What changed? "Access to care is very important in California," Blade said. "California is going to experience a shortage" of dental professionals.

But the bigger factor was self-interest, she said. "They saw how well trained we were and they started to see the advantages. A doctor can double the amount of work he does."

Dean Chalios, CDA vice president for policy, agreed that dentistry will benefit from the new program. "It will clearly provide dentists with an opportunity to increase the care they provide in their offices and clinics," he said. "We worked very closely with the dental assisting community and consider them partners to a large extent. It allows dental offices to be more efficient and utilize the whole team."

He expects more dentists to practice "four-handed dentistry," in which dentists rely on assistants to do a larger portion of the work they traditionally do.

Hygienists' support

California will now be the only state that allows assistants to place both types of permanent filling, but doesn't allow that privilege to hygienists.
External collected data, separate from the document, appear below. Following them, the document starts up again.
(* The series below converge and $$\sum_{n=0}^{\infty}\left(e^{-1}n!-D_n\right)=e^{-1}\int_0^{-1}\frac{e^{-t}}{1-t}\,dt=e^{-1}\sum_{n=0}^{\infty}D_n\frac{(-1)^{n+1}}{(n+1)!}.$$
   Context: $D_n=n!\sum_{k=0}^{n}\frac{(-1)^k}{k!}$ are the derangement numbers ($n\ge0$). Note $e^{-1}n!-D_n=n!\left(e^{-1}-\sum_{k=0}^n\frac{(-1)^k}{k!}\right)$. *)

theory Defs
  imports "HOL-Analysis.Analysis"
begin

definition D :: "nat \<Rightarrow> real" where
  "D n = fact n * (\<Sum>k\<le>n. (-1) ^ k / fact k)"

end

theory Submission
  imports Defs
begin

(* The n-th terms of both series are integrals over [-1, 0]:
   e^-1 n! - D n = - e^-1 * int e^-x x^n dx  and  D n (-1)^(n+1) / (n+1)! = - (D n / n!) * int x^n dx.
   Their partial sums therefore integrate two truncations of the power series of e^-x / (1 - x):
   e^-x times a truncated geometric series, and the series with coefficients D n / n!,
   the Cauchy product of e^-x and 1 / (1 - x).  On [-1, 0] both truncations after N terms
   differ from e^-x / (1 - x) by O(|x|^N), whose integral is O(1 / N). *)

lemma one_minus_mult_sum_partial_sums:
  fixes a :: "nat \<Rightarrow> 'a::comm_ring_1"
  shows "(1 - x) * (\<Sum>n<N. (\<Sum>k\<le>n. a k) * x ^ n)
    = (\<Sum>n<N. a n * x ^ n) - (\<Sum>k<N. a k) * x ^ N"
proof (induction N)
  case 0
  then show ?case by simp
next
  case (Suc N)
  have "(1 - x) * (\<Sum>n<Suc N. (\<Sum>k\<le>n. a k) * x ^ n)
      = (\<Sum>n<N. a n * x ^ n) - (\<Sum>k<N. a k) * x ^ N + (1 - x) * ((\<Sum>k\<le>N. a k) * x ^ N)"
    using Suc by (simp add: distrib_left)
  also have "\<dots> = (\<Sum>n<Suc N. a n * x ^ n) - (\<Sum>k<Suc N. a k) * x ^ Suc N"
    by (simp add: lessThan_Suc_atMost[symmetric] algebra_simps)
  finally show ?case .
qed

lemma DERIV_exp_minus_mult_exp_partial_sum:
  "((\<lambda>x. exp (-x) * (\<Sum>k\<le>n. x ^ k / fact k)) has_real_derivative
      - exp (-x) * x ^ n / fact n) (at x)"
proof (induction n)
  case 0
  then show ?case by (auto intro!: derivative_eq_intros)
next
  case (Suc n)
  have sum_Suc: "(\<lambda>x. exp (-x) * (\<Sum>k\<le>Suc n. x ^ k / fact k))
      = (\<lambda>x. exp (-x) * (\<Sum>k\<le>n. x ^ k / fact k) + exp (-x) * (x ^ Suc n / fact (Suc n)))"
    by (simp add: distrib_left)
  have "((\<lambda>x. exp (-x) * (\<Sum>k\<le>n. x ^ k / fact k) + exp (-x) * (x ^ Suc n / fact (Suc n)))
      has_real_derivative - exp (-x) * x ^ n / fact n
        + (exp (-x) * (real (Suc n) * x ^ n) - exp (-x) * x ^ Suc n) / fact (Suc n)) (at x)"
    by (rule DERIV_add[OF Suc])
      (auto intro!: derivative_eq_intros simp: field_simps simp del: fact_Suc power_Suc)
  also have "- exp (-x) * x ^ n / fact n
        + (exp (-x) * (real (Suc n) * x ^ n) - exp (-x) * x ^ Suc n) / fact (Suc n)
      = - exp (-x) * x ^ Suc n / fact (Suc n)"
    by (simp add: diff_divide_distrib fact_Suc[of n] del: fact_Suc)
  finally show ?case
    unfolding sum_Suc .
qed

lemma exp_minus_times_power_has_integral:
  "((\<lambda>x. exp (-x) * x ^ n) has_integral exp 1 * D n - fact n) {-1..0::real}"
proof -
  define F where "F x = - fact n * (exp (-x) * (\<Sum>k\<le>n. x ^ k / fact k))" for x :: real
  have "(F has_real_derivative exp (-x) * x ^ n) (at x)" for x
    unfolding F_def
    using DERIV_cmult[OF DERIV_exp_minus_mult_exp_partial_sum, of "- fact n" n x]
    by simp
  then have "((\<lambda>x. exp (-x) * x ^ n) has_integral F 0 - F (-1)) {-1..0}"
    by (intro fundamental_theorem_of_calculus)
      (auto intro: has_real_derivative_iff_has_vector_derivative[THEN iffD1] has_field_derivative_at_within)
  moreover have "F 0 - F (-1) = exp 1 * D n - fact n"
    by (simp add: F_def D_def power_0_left sum.atMost_shift)
  ultimately show ?thesis by simp
qed

lemma power_has_integral_minus_one_zero:
  "((\<lambda>x. x ^ n) has_integral (-1) ^ n / real (Suc n)) {-1..0::real}"
proof -
  have "((\<lambda>x. x ^ Suc n / real (Suc n)) has_real_derivative x ^ n) (at x)" for x :: real
    by (auto intro!: derivative_eq_intros simp del: of_nat_Suc power_Suc)
  then have "((\<lambda>x. x ^ n) has_integral 0 ^ Suc n / real (Suc n) - (-1) ^ Suc n / real (Suc n)) {-1..0::real}"
    by (intro fundamental_theorem_of_calculus)
      (auto intro: has_real_derivative_iff_has_vector_derivative[THEN iffD1] has_field_derivative_at_within)
  then show ?thesis by simp
qed

lemma abs_power_has_integral_minus_one_zero:
  "((\<lambda>x. \<bar>x\<bar> ^ n) has_integral 1 / real (Suc n)) {-1..0::real}"
proof -
  have "((\<lambda>x. (-1) ^ n * x ^ n) has_integral (-1) ^ n * ((-1) ^ n / real (Suc n))) {-1..0::real}"
    by (intro has_integral_mult_right power_has_integral_minus_one_zero)
  then have "((\<lambda>x. (-1) ^ n * x ^ n) has_integral 1 / real (Suc n)) {-1..0::real}"
    by (simp flip: power_mult_distrib)
  then show ?thesis
    by (rule has_integral_eq[rotated]) (simp add: abs_of_nonpos flip: power_mult_distrib)
qed

lemma exp_partial_sum_remainder_bound:
  fixes y :: real
  assumes "\<bar>y\<bar> \<le> 1"
  shows "\<bar>exp y - (\<Sum>k<N. y ^ k / fact k)\<bar> \<le> exp 1 * \<bar>y\<bar> ^ N"
proof -
  obtain t where t: "\<bar>t\<bar> \<le> \<bar>y\<bar>" and taylor: "exp y = (\<Sum>k<N. y ^ k / fact k) + exp t / fact N * y ^ N"
    using Maclaurin_exp_le by blast
  have "exp t / fact N \<le> exp t / 1"
    by (rule divide_left_mono) auto
  also have "\<dots> \<le> exp 1"
    using t assms by simp
  finally have "exp t / fact N * \<bar>y\<bar> ^ N \<le> exp 1 * \<bar>y\<bar> ^ N"
    by (rule mult_right_mono) simp
  then show ?thesis
    by (simp add: taylor abs_mult power_abs)
qed

lemma integral_tendsto_of_power_bound:
  fixes g :: "nat \<Rightarrow> real \<Rightarrow> real"
  assumes g: "\<And>N. continuous_on {-1..0} (g N)" and f: "continuous_on {-1..0} f"
    and bound: "\<And>N x. x \<in> {-1..0} \<Longrightarrow> \<bar>g N x - f x\<bar> \<le> C * \<bar>x\<bar> ^ N"
  shows "(\<lambda>N. integral {-1..0} (g N)) \<longlonglongrightarrow> integral {-1..0} f"
proof -
  have "\<bar>integral {-1..0} (g N) - integral {-1..0} f\<bar> \<le> C / real (Suc N)" for N
  proof -
    have majorant: "((\<lambda>x. C * \<bar>x\<bar> ^ N) has_integral C / real (Suc N)) {-1..0}"
      using has_integral_mult_right[OF abs_power_has_integral_minus_one_zero, of C N] by simp
    have diff_cont: "continuous_on {-1..0} (\<lambda>x. g N x - f x)"
      using g f by (rule continuous_on_diff)
    have "integral {-1..0} (g N) - integral {-1..0} f = integral {-1..0} (\<lambda>x. g N x - f x)"
      by (rule integral_diff[symmetric]) (auto intro: integrable_continuous_interval g f)
    also have "\<bar>\<dots>\<bar> \<le> integral {-1..0} (\<lambda>x. C * \<bar>x\<bar> ^ N)"
      using integrable_continuous_interval[OF diff_cont] has_integral_integrable[OF majorant] bound
      by (simp only: real_norm_def[symmetric]) (rule integral_norm_bound_integral)
    also have "\<dots> = C / real (Suc N)"
      using majorant by (rule integral_unique)
    finally show ?thesis .
  qed
  then have "\<forall>\<^sub>F N in sequentially.
      norm (integral {-1..0} (g N) - integral {-1..0} f) \<le> C / real (Suc N)"
    by simp
  moreover have "(\<lambda>N. C / real (Suc N)) \<longlonglongrightarrow> 0"
    using LIMSEQ_Suc[OF lim_const_over_n[of C]] by simp
  ultimately have "(\<lambda>N. integral {-1..0} (g N) - integral {-1..0} f) \<longlonglongrightarrow> 0"
    by (rule Lim_null_comparison)
  then show ?thesis
    by (rule LIM_zero_cancel)
qed

lemma exp_fact_minus_D_sums:
  "(\<lambda>n. exp (-1) * fact n - D n) sums (- exp (-1) * integral {-1..0} (\<lambda>x::real. exp (-x) / (1 - x)))"
proof -
  have partial: "(\<Sum>n<N. exp (-1) * fact n - D n)
      = - exp (-1) * integral {-1..0} (\<lambda>x. \<Sum>n<N. exp (-x) * x ^ n)" for N
  proof -
    have "((\<lambda>x. \<Sum>n<N. exp (-x) * x ^ n) has_integral (\<Sum>n<N. exp 1 * D n - fact n)) {-1..0}"
      by (intro has_integral_sum exp_minus_times_power_has_integral) auto
    moreover have "exp (-1) * fact n - D n = - exp (-1) * (exp 1 * D n - fact n)" for n
      by (simp add: algebra_simps flip: mult.assoc exp_add)
    ultimately show ?thesis
      by (simp add: integral_unique sum_distrib_left sum_negf)
  qed
  have "(\<lambda>N. integral {-1..0} (\<lambda>x::real. \<Sum>n<N. exp (-x) * x ^ n))
      \<longlonglongrightarrow> integral {-1..0} (\<lambda>x. exp (-x) / (1 - x))"
  proof (rule integral_tendsto_of_power_bound)
    fix N and x :: real
    assume x: "x \<in> {-1..0}"
    have "(\<Sum>n<N. exp (-x) * x ^ n) - exp (-x) / (1 - x) = - exp (-x) * x ^ N / (1 - x)"
      using x by (simp add: sum_gp_strict diff_divide_distrib right_diff_distrib flip: sum_distrib_left)
    also have "\<bar>\<dots>\<bar> = exp (-x) * \<bar>x\<bar> ^ N / (1 - x)"
      using x by (simp add: abs_mult abs_div power_abs)
    also have "\<dots> \<le> exp (-x) * \<bar>x\<bar> ^ N / 1"
      using x by (intro divide_left_mono) auto
    also have "\<dots> \<le> exp 1 * \<bar>x\<bar> ^ N"
      using x by (simp add: mult_right_mono)
    finally show "\<bar>(\<Sum>n<N. exp (-x) * x ^ n) - exp (-x) / (1 - x)\<bar> \<le> exp 1 * \<bar>x\<bar> ^ N" .
  qed (auto intro!: continuous_intros)
  then show ?thesis
    unfolding sums_def partial by (rule tendsto_mult_left)
qed

lemma D_div_fact_power_series_approx:
  fixes x :: real
  assumes x: "x \<in> {-1..0}"
  shows "\<bar>(\<Sum>n<N. D n / fact n * x ^ n) - exp (-x) / (1 - x)\<bar> \<le> (1 + 2 * exp 1) * \<bar>x\<bar> ^ N"
proof -
  define c where "c = (\<Sum>k<N. (-1) ^ k / fact k :: real)"
  define S where "S = (\<Sum>n<N. (-x) ^ n / fact n)"
  have "\<bar>exp (-1) - c\<bar> \<le> exp 1"
    using exp_partial_sum_remainder_bound[of "-1" N] by (simp add: c_def)
  moreover have "0 \<le> exp (-1::real)" "exp (-1) \<le> (1::real)"
    by simp_all
  ultimately have c_bound: "\<bar>c\<bar> \<le> 1 + exp 1"
    by (simp only: abs_le_iff) linarith
  have "(1 - x) * (\<Sum>n<N. D n / fact n * x ^ n) = S - c * x ^ N"
    using one_minus_mult_sum_partial_sums[of x "\<lambda>k. (-1) ^ k / fact k" N]
    by (simp add: D_def c_def S_def power_minus')
  moreover have "1 - x \<ge> 1"
    using x by simp
  ultimately have "(\<Sum>n<N. D n / fact n * x ^ n) = (S - c * x ^ N) / (1 - x)"
    by (simp add: eq_divide_eq mult.commute)
  then have "(\<Sum>n<N. D n / fact n * x ^ n) - exp (-x) / (1 - x)
      = - ((exp (-x) - S) + c * x ^ N) / (1 - x)"
    by (simp add: diff_divide_distrib add_divide_distrib)
  then have "\<bar>(\<Sum>n<N. D n / fact n * x ^ n) - exp (-x) / (1 - x)\<bar>
      = \<bar>(exp (-x) - S) + c * x ^ N\<bar> / (1 - x)"
    using \<open>1 - x \<ge> 1\<close> by (simp only: abs_divide abs_minus_cancel)
  also have "\<dots> \<le> \<bar>(exp (-x) - S) + c * x ^ N\<bar> / 1"
    using \<open>1 - x \<ge> 1\<close> by (intro divide_left_mono) auto
  also have "\<dots> \<le> \<bar>exp (-x) - S\<bar> + \<bar>c\<bar> * \<bar>x\<bar> ^ N"
    using abs_triangle_ineq[of "exp (-x) - S" "c * x ^ N"] by (simp add: abs_mult power_abs)
  also have "\<dots> \<le> exp 1 * \<bar>x\<bar> ^ N + (1 + exp 1) * \<bar>x\<bar> ^ N"
    using x exp_partial_sum_remainder_bound[of "-x" N] c_bound unfolding S_def
    by (intro add_mono mult_right_mono) auto
  finally show ?thesis
    by (simp add: algebra_simps)
qed

lemma D_alternating_sums:
  "(\<lambda>n. D n * (-1) ^ (n + 1) / fact (n + 1)) sums (- integral {-1..0} (\<lambda>x::real. exp (-x) / (1 - x)))"
proof -
  have partial: "(\<Sum>n<N. D n * (-1) ^ (n + 1) / fact (n + 1))
      = - integral {-1..0} (\<lambda>x::real. \<Sum>n<N. D n / fact n * x ^ n)" for N
  proof -
    have "((\<lambda>x. \<Sum>n<N. D n / fact n * x ^ n) has_integral
        (\<Sum>n<N. D n / fact n * ((-1) ^ n / real (Suc n)))) {-1..0::real}"
      by (intro has_integral_sum has_integral_mult_right power_has_integral_minus_one_zero) auto
    moreover have "D n * (-1) ^ (n + 1) / fact (n + 1) = - (D n / fact n * ((-1) ^ n / real (Suc n)))" for n
      by (simp add: field_simps)
    ultimately show ?thesis
      by (simp only: integral_unique sum_negf)
  qed
  have "(\<lambda>N. integral {-1..0} (\<lambda>x::real. \<Sum>n<N. D n / fact n * x ^ n))
      \<longlonglongrightarrow> integral {-1..0} (\<lambda>x. exp (-x) / (1 - x))"
    by (rule integral_tendsto_of_power_bound[OF _ _ D_div_fact_power_series_approx])
      (auto intro!: continuous_intros)
  then show ?thesis
    unfolding sums_def partial by (rule tendsto_minus)
qed

lemma ereal_minus_one: "ereal (-1) = -1"
  by (simp add: one_ereal_def)

lemma interval_integral_zero_minus_one_eq_integral:
  fixes f :: "real \<Rightarrow> real"
  assumes "continuous_on {-1..0} f"
  shows "(LBINT t=0..-1. f t) = - integral {-1..0} f"
proof -
  have "(LBINT t=0..-1. f t) = - (LBINT t=-1..0. f t)"
    by (rule interval_integral_endpoints_reverse)
  also have "(LBINT t=-1..0. f t) = integral {-1..0} f"
    using interval_integral_eq_integral[of "-1" 0 f] borel_integrable_atLeastAtMost'[OF assms]
    by (simp add: zero_ereal_def flip: ereal_minus_one)
  finally show ?thesis .
qed

theorem mainTheorem13:
  shows "summable (\<lambda>n. exp (-1) * fact n - D n)
    \<and> summable (\<lambda>n. D n * (-1) ^ (n + 1) / fact (n + 1))
    \<and> interval_lebesgue_integrable lborel 0 (-1) (\<lambda>t::real. exp (-t) / (1 - t))
    \<and> (\<Sum>n. exp (-1) * fact n - D n) = exp (-1) * (LBINT t=0..-1. exp (-t) / (1 - t))
    \<and> exp (-1) * (LBINT t=0..-1. exp (-t) / (1 - t))
        = exp (-1) * (\<Sum>n. D n * (-1) ^ (n + 1) / fact (n + 1))"
proof (intro conjI)
  have kernel_cont: "continuous_on {-1..0} (\<lambda>t::real. exp (-t) / (1 - t))"
    by (intro continuous_intros) auto
  note integral = interval_integral_zero_minus_one_eq_integral[OF kernel_cont]
  show "summable (\<lambda>n. exp (-1) * fact n - D n)"
    using exp_fact_minus_D_sums by (rule sums_summable)
  show "summable (\<lambda>n. D n * (-1) ^ (n + 1) / fact (n + 1))"
    using D_alternating_sums by (rule sums_summable)
  show "interval_lebesgue_integrable lborel 0 (-1) (\<lambda>t::real. exp (-t) / (1 - t))"
    using interval_integrable_isCont[of 0 "-1" "\<lambda>t::real. exp (-t) / (1 - t)"]
    by (simp add: zero_ereal_def ereal_minus_one)
  show "(\<Sum>n. exp (-1) * fact n - D n) = exp (-1) * (LBINT t=0..-1. exp (-t) / (1 - t))"
    using exp_fact_minus_D_sums by (simp add: sums_iff integral)
  show "exp (-1) * (LBINT t=0..-1. exp (-t) / (1 - t))
      = exp (-1) * (\<Sum>n. D n * (-1) ^ (n + 1) / fact (n + 1))"
    using D_alternating_sums by (simp add: sums_iff integral)
qed

end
Still, Lygia Joley, vice president of the California Dental Assistants Association, said hygienists in the state support the new role for assistants.

"We support any step up, so long as it requires proper education and proper testing," she said.

Some hygienists may study to become RDA-EF2s, Joley added. Then they could anesthetize the patient, the doctor could come in to prepare the tooth, and then the RDH RDA-EF2 could place the restoration.

"We would like to be able to expand the role of hygienists," she said. "We don't have the education program, and we can't get a school to do it at this point. That's where the politics come into play."

Herrmann will work under George W. Swanson, D.D.S., who was enthusiastic about the work she will be able to do in his office. "After 25 years, a dentist doesn't want to spend time on fillings," he said. "Her restorations are pretty great."

But he also expressed uncertainty about the new class of dental professional in general. "It could be abused," he said. "It could open a can of worms. Or it could allow dentist to utilize their staff more efficiently."